Pub Date: Oct. 2nd, 2015
ISBN: 978-0-9966878-0-5
Publisher: CreateSpace

This debut novel of environmental collapse intertwines apocalyptic fiction with the multigenerational family epic.

Kingsley Smith lives in a mansion with his mother, Joyce—a personal nurse to a dying oil heiress, the matriarch of the Sutherland family—and his best friend and boyhood crush, Amanda Santos Sutherland. When Kingsley’s recurring headaches are diagnosed as Y chromosome- linked tumors, an illness that has devastated plant and animal populations, humanity begins preparing for a world without sexual reproduction, as every male organism on Earth is dying. During the chaos, Joyce defrauds the Sutherlands of their entire fortune, but not before being raped by Jack, the Sutherland family outcast. Kingsley dies, as do all men; decades later, Amanda is dead and her clone/daughter, Charlotte, is pregnant. Unknown to Charlotte, the baby is an illegal clone of Kingsley, retaining the original’s memories in a newborn’s body and mind: “Kingsley looked around. He didn’t see any babies. ‘What baby?’ he asked. As usual, everyone ignored his question.” The switch was orchestrated by Joyce, enormously wealthy and maniacally obsessed with reviving her dead son. Meanwhile, the world debates whether to engineer new men immune to the disease, or new women capable of asexual reproduction. Joyce and Jack’s daughter, Ray, a brilliant genetic engineer, solves the latter possibility. Charlotte and Kingsley are soon on the run from both women—Joyce wants the baby for herself, while Ray wants the infant dead. The choice of telling a story from a newborn’s point of view—one with incongruously quasi-mystical memory retention—is awkward and unnecessary, especially as Charlotte is a more compelling protagonist (as is Amanda in the first half).

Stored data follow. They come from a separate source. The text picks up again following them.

lemma identifiable_fork: "identifiable fork_worlds fork_observables"
  unfolding fork_worlds_def fork_observables_def
proof (rule identifiable_if_observables_separate)
  have "1 \<in> {0, 1 :: nat}" "1 \<notin> {0, 2 :: nat}" by simp_all
  then have ne: "{0, 1} \<noteq> {0, 2 :: nat}" by blast
  then have obs:
    "{X \<in> {{0, 1}, {0, 2}}. (0 :: nat) \<in> X} = {{0, 1}, {0, 2}}"
    "{X \<in> {{0, 1}, {0, 2}}. (1 :: nat) \<in> X} = {{0, 1}}"
    "{X \<in> {{0, 1}, {0, 2}}. (2 :: nat) \<in> X} = {{0, 2}}"
    by auto
  show "inj_on (\<lambda>w. {X \<in> {{0, 1}, {0, 2}}. w \<in> X}) {0, 1, 2 :: nat}"
    by (simp only: inj_on_def ball_simps obs) (use ne in auto)
qed simp

lemma lexab_identifies_fork_ranks_zero_last:
  assumes r: "total_preorder_on fork_worlds r"
    and identifies: "lexab_identifies fork_worlds fork_observables r"
  shows "\<forall>w\<in>{1, 2}. strictly_below r w 0"
proof -
  let ?S = fork_worlds and ?ch = "choose_preferring (0 :: nat)"
  have zero_not_below: "(0, a) \<notin> r" if a: "a \<in> {1, 2}" for a
  proof
    assume "(0, a) \<in> r"
    define D :: "nat \<Rightarrow> nat set" where "D n = {0, a}" for n
    have "a \<in> ?S" "data_stream fork_observables D" "sound_for D a"
      "complete_for fork_observables D a"
      using a by (auto simp: fork_worlds_def fork_observables_def D_def data_stream_def
          sound_for_def complete_for_def)
    from lexab_identifiesD[OF identifies this valid_choice_choose_preferring] obtain N
      where N: "\<forall>n\<ge>N. minset (lexab ?S r ?ch (init_seg D n)) ?S = {a}"
      by blast
    have "least_world ?S (lexab ?S r ?ch (init_seg D (Suc N))) 0"
      by (rule least_world_lexab)
        (use \<open>(0, a) \<in> r\<close> a in \<open>auto simp: fork_worlds_def D_def least_world_def
          choose_preferring_def\<close>)
    then have "0 \<in> minset (lexab ?S r ?ch (init_seg D (Suc N))) ?S"
      by (rule least_world_in_minset)
    then show False using N a by auto
  qed
  have "(w, 0) \<in> r" if "w \<in> {1, 2}" for w
    using r zero_not_below[OF that] that
    unfolding total_preorder_on_def total_on_def fork_worlds_def by auto
  then show ?thesis
    using zero_not_below unfolding strictly_below_def by blast
qed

Dialogue often slips into stilted exposition of the science, as when a random patient explains in detail that Ray “genetically engineered the deer to reproduce via parthenogenesis, but that’s only half the story.” O’Neal’s book grows more intriguing post-collapse; where it particularly shines is in the history and relationships between the antagonists, a family of multifaceted monsters who are as relatable as they are condemnable.

An uneven dystopian tale, with intriguing ideas undercut by odd plot contrivances, but sporting a strong cast of varied and complex women.